Holman Jenkins writes in the Wall Street Journal, ObamaCare- Upheld and Doomed, 6/29/12

Excerpt:

The solution is a tweak. Republicans already are lip-committed to a national health-insurance charter that allows insurers to design their own policies and market them across state lines. Republicans are also lip-committed to a tax reform to equalize the tax treatment of health care whether purchased by individuals or by employers on behalf of individuals.

Now just modify the Affordable Care Act so buying any health policy authorized by the new charter, no matter how minimalist, satisfies the employer and individual mandate.

What would follow is a boom in low-cost, high-deductible plans that leave individuals in charge of managing most their ordinary health-care costs out of pocket. Because it would be cheap, millions who would opt not to buy coverage will buy coverage. Because it will be cheap, companies will direct their low-wage and entry-level employees to this coverage.

Now these workers will be covered for serious illness or injury, getting the rest of us off the hook. As they grow older, wealthier and start families, they will choose more extensive but still rationally limited coverage. Meanwhile, the giant subsidies ObamaCare would dish out to help the middle class afford ObamaCare’s gold-plated mandatory coverage would be unneeded.

With consumers shouldering a bigger share of health expenses directly, hospital and doctors would discover the advantages of competing on price and quality. This way lies salvation. In the long run, whatever share of GDP society decides to allocate to health care, it will get its money’s worth—the fundamental problem today.

HKO comments:

In other words:

1. Allow insurance companies to compete (across state lines).

2. Remove the tax disincentives that distorts insurance creating incentives to cover non catastrophic events.

3. Allow consumers to buy the insurance they actually want (kill the mandated  overages).

That would eliminate about 2,999 pages of a 3,000 page bill.

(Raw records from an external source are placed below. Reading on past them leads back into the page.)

text \<open>Erdos--Hajnal for a hereditary class with linear homogeneous pairs: by induction, a graph on
  \<open>n\<close> vertices has a clique \<open>K\<close> and a stable set \<open>I\<close> with \<open>n\<^sup>b \<le> |K| |I|\<close>, where \<open>2 c\<^sup>b \<ge> 1\<close>
  makes the bound additive over the two halves of a homogeneous pair.\<close>
lemma clique_stable_product:
  fixes c b :: real
  assumes hereditary: "hereditary Q" and pairs: "homogeneous_pairs Q c"
    and c: "0 < c" and b: "0 < b" "1 \<le> 2 * c powr b"
  shows "simple_graph V E \<Longrightarrow> Q V E \<Longrightarrow> \<exists>K I. K \<subseteq> V \<and> I \<subseteq> V \<and> is_clique E K \<and> is_stable E I \<and>
     real (card V) powr b \<le> real (card K) * real (card I)"
proof (induction "card V" arbitrary: V rule: less_induct)
  case less
  have V: "finite V" and E: "\<forall>x y. E x y \<longrightarrow> E y x" "\<forall>x. \<not> E x x"
    using less.prems(1) unfolding simple_graph_def by auto
  show ?case
  proof (cases "2 \<le> card V")
    case False
    then consider "card V = 0" | "card V = 1" by linarith
    then consider "V = {}" | v where "V = {v}" using V by (metis card_0_eq card_1_singletonE)
    then show ?thesis
    proof cases
      case 1 then show ?thesis by (intro exI[of _ "{}"]) (auto simp: is_clique_def is_stable_def)
    next
      case 2 then show ?thesis using E(2) by (intro exI[of _ "{v}"]) (auto simp: is_clique_def is_stable_def)
    qed
  next
    case True
    define n where "n = real (card V)"
    obtain X Y where XY: "X \<subseteq> V" "Y \<subseteq> V" "X \<inter> Y = {}" "c * n \<le> card X" "c * n \<le> card Y"
        "(\<forall>x\<in>X. \<forall>y\<in>Y. E x y) \<or> (\<forall>x\<in>X. \<forall>y\<in>Y. \<not> E x y)"
      using pairs[unfolded homogeneous_pairs_def, rule_format, OF conjI[OF less.prems(1) conjI[OF True less.prems(2)]]]
      unfolding n_def by (elim exE conjE)
    have "0 < c * n" using c True unfolding n_def by simp
    then have "X \<noteq> {}" "Y \<noteq> {}" using XY(4,5) by auto
    then have "X \<subset> V" "Y \<subset> V" using XY(1-3) by blast+
    then have smaller: "card X < card V" "card Y < card V" using V by (simp_all add: psubset_card_mono)
    have fin: "finite X" "finite Y" using XY(1,2) V by (simp_all add: finite_subset)
    then have graphs: "simple_graph X E" "simple_graph Y E" using E unfolding simple_graph_def by simp_all
    have Q: "Q X E" "Q Y E" using hereditary less.prems(2) XY(1,2) unfolding hereditary_def by blast+
    obtain K\<^sub>X I\<^sub>X where
      X: "K\<^sub>X \<subseteq> X" "I\<^sub>X \<subseteq> X" "is_clique E K\<^sub>X" "is_stable E I\<^sub>X" "card X powr b \<le> real (card K\<^sub>X) * real (card I\<^sub>X)"
      using less.hyps[OF smaller(1) graphs(1) Q(1)] by blast
    obtain K\<^sub>Y I\<^sub>Y where
      Y: "K\<^sub>Y \<subseteq> Y" "I\<^sub>Y \<subseteq> Y" "is_clique E K\<^sub>Y" "is_stable E I\<^sub>Y" "card Y powr b \<le> real (card K\<^sub>Y) * real (card I\<^sub>Y)"
      using less.hyps[OF smaller(2) graphs(2) Q(2)] by blast
    have fin_XY: "finite K\<^sub>X" "finite I\<^sub>X" "finite K\<^sub>Y" "finite I\<^sub>Y"
      using X(1,2) Y(1,2) fin by (simp_all add: finite_subset)
    have "n powr b \<le> 2 * c powr b * n powr b"
      using mult_right_mono[OF b(2), of "n powr b"] by simp
    also have "\<dots> = 2 * (c * n) powr b" using c unfolding n_def by (simp add: powr_mult)
    also have "\<dots> \<le> card X powr b + card Y powr b"
      using powr_mono2[OF _ _ XY(4), of b] powr_mono2[OF _ _ XY(5), of b] b(1) \<open>0 < c * n\<close> by simp
    also have "\<dots> \<le> card K\<^sub>X * card I\<^sub>X + card K\<^sub>Y * card I\<^sub>Y" using X(5) Y(5) by simp
    finally have bound: "n powr b \<le> card K\<^sub>X * card I\<^sub>X + card K\<^sub>Y * card I\<^sub>Y" .
    have "\<exists>K I. K \<subseteq> X \<union> Y \<and> I \<subseteq> X \<union> Y \<and> is_clique E K \<and> is_stable E I \<and>
        card K\<^sub>X * card I\<^sub>X + card K\<^sub>Y * card I\<^sub>Y \<le> card K * card I"
      using XY(6)
    proof
      assume "\<forall>x\<in>X. \<forall>y\<in>Y. E x y"
      from clique_stable_join_complete[OF E(1) XY(3) this X(1,2) Y(1,2) fin_XY(1,3) X(3) Y(3) X(4) Y(4)]
      show ?thesis .
    next
      assume "\<forall>x\<in>X. \<forall>y\<in>Y. \<not> E x y"
      from clique_stable_join_anticomplete[OF E(1) XY(3) this X(1,2) Y(1,2) fin_XY(2,4) X(3) Y(3) X(4) Y(4)]
      show ?thesis .
    qed
    then obtain K I where KI: "K \<subseteq> X \<union> Y" "I \<subseteq> X \<union> Y" "is_clique E K" "is_stable E I"
        "card K\<^sub>X * card I\<^sub>X + card K\<^sub>Y * card I\<^sub>Y \<le> card K * card I"
      by (elim exE conjE)
    from KI(5) have "real (card K\<^sub>X * card I\<^sub>X + card K\<^sub>Y * card I\<^sub>Y) \<le> real (card K * card I)"
      by (rule of_nat_mono)
    with bound have "real (card V) powr b \<le> real (card K) * real (card I)" unfolding n_def by simp
    moreover have "K \<subseteq> V" "I \<subseteq> V" using KI(1,2) XY(1,2) by auto
    ultimately show ?thesis using KI(3,4) by (intro exI[of _ K] exI[of _ I] conjI)
  qed
qed

lemma polynomial_clique_or_stable:
  assumes hereditary: "hereditary Q" and pairs: "homogeneous_pairs Q c"
    and c: "0 < c"
  shows "\<exists>c'::real. c' > 0 \<and> (\<forall>V E. simple_graph V E \<and> Q V E \<longrightarrow>
    (\<exists>S. S \<subseteq> V \<and> (is_clique E S \<or> is_stable E S) \<and> real (card S) \<ge> real (card V) powr c'))"
proof -
  define c\<^sub>0 :: real where "c\<^sub>0 = min c (1 / 2)"
  define b where "b = log c\<^sub>0 (1 / 2)"
  have c\<^sub>0: "0 < c\<^sub>0" "c\<^sub>0 < 1" using c unfolding c\<^sub>0_def by auto
  then have "0 < b" unfolding b_def log_def by (simp add: divide_neg_neg ln_less_zero)
  have "c\<^sub>0 powr b = 1 / 2" unfolding b_def using c\<^sub>0 by (simp add: powr_log_cancel)
  then have half: "1 \<le> 2 * c\<^sub>0 powr b" by simp
  have pairs\<^sub>0: "homogeneous_pairs Q c\<^sub>0" using homogeneous_pairs_mono[OF pairs] unfolding c\<^sub>0_def by simp
  have main: "\<exists>S. S \<subseteq> V \<and> (is_clique E S \<or> is_stable E S) \<and> real (card S) \<ge> real (card V) powr (b / 2)"
    if G: "simple_graph V E" "Q V E" for V E
  proof -
    from clique_stable_product[OF hereditary pairs\<^sub>0 c\<^sub>0(1) \<open>0 < b\<close> half G]
    obtain K I where KI: "K \<subseteq> V" "I \<subseteq> V" "is_clique E K" "is_stable E I"
      "real (card V) powr b \<le> real (card K) * real (card I)"
      by (elim exE conjE)
    define p where "p = real (card V) powr (b / 2)"
    have "real (card V) powr b = p * p" unfolding p_def by (simp flip: powr_add)
    have "p \<le> card K \<or> p \<le> card I"
    proof (rule ccontr)
      assume "\<not> ?thesis"
      then have "real (card K) * card I < p * p" by (intro mult_strict_mono) auto
      with KI(5) \<open>real (card V) powr b = p * p\<close> show False by linarith
    qed
    then show ?thesis
    proof
      assume "p \<le> card K"
      with KI(1,3) show ?thesis unfolding p_def by (intro exI[of _ K] conjI disjI1)
    next
      assume "p \<le> card I"
      with KI(2,4) show ?thesis unfolding p_def by (intro exI[of _ I] conjI disjI2)
    qed
  qed
  have "0 < b / 2" using \<open>0 < b\<close> by simp
  moreover have "\<forall>V E. simple_graph V E \<and> Q V E \<longrightarrow>
      (\<exists>S. S \<subseteq> V \<and> (is_clique E S \<or> is_stable E S) \<and> real (card S) \<ge> real (card V) powr (b / 2))"
    using main by blast
  ultimately show ?thesis by (intro exI[of _ "b / 2"] conjI)
qed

I think it is a bit of a stretch to think this bill can be modified to fill these wishes.  Modifying this bill to reflect true free market choices would be like modifying a Ferrari to get the gas mileage of a Prius.  I am not saying it can’t be done but nobody would want the final product.  You would either have a shitty Ferrari or a a grossly overpriced Prius.  It would be far cheaper just to buy the Prius.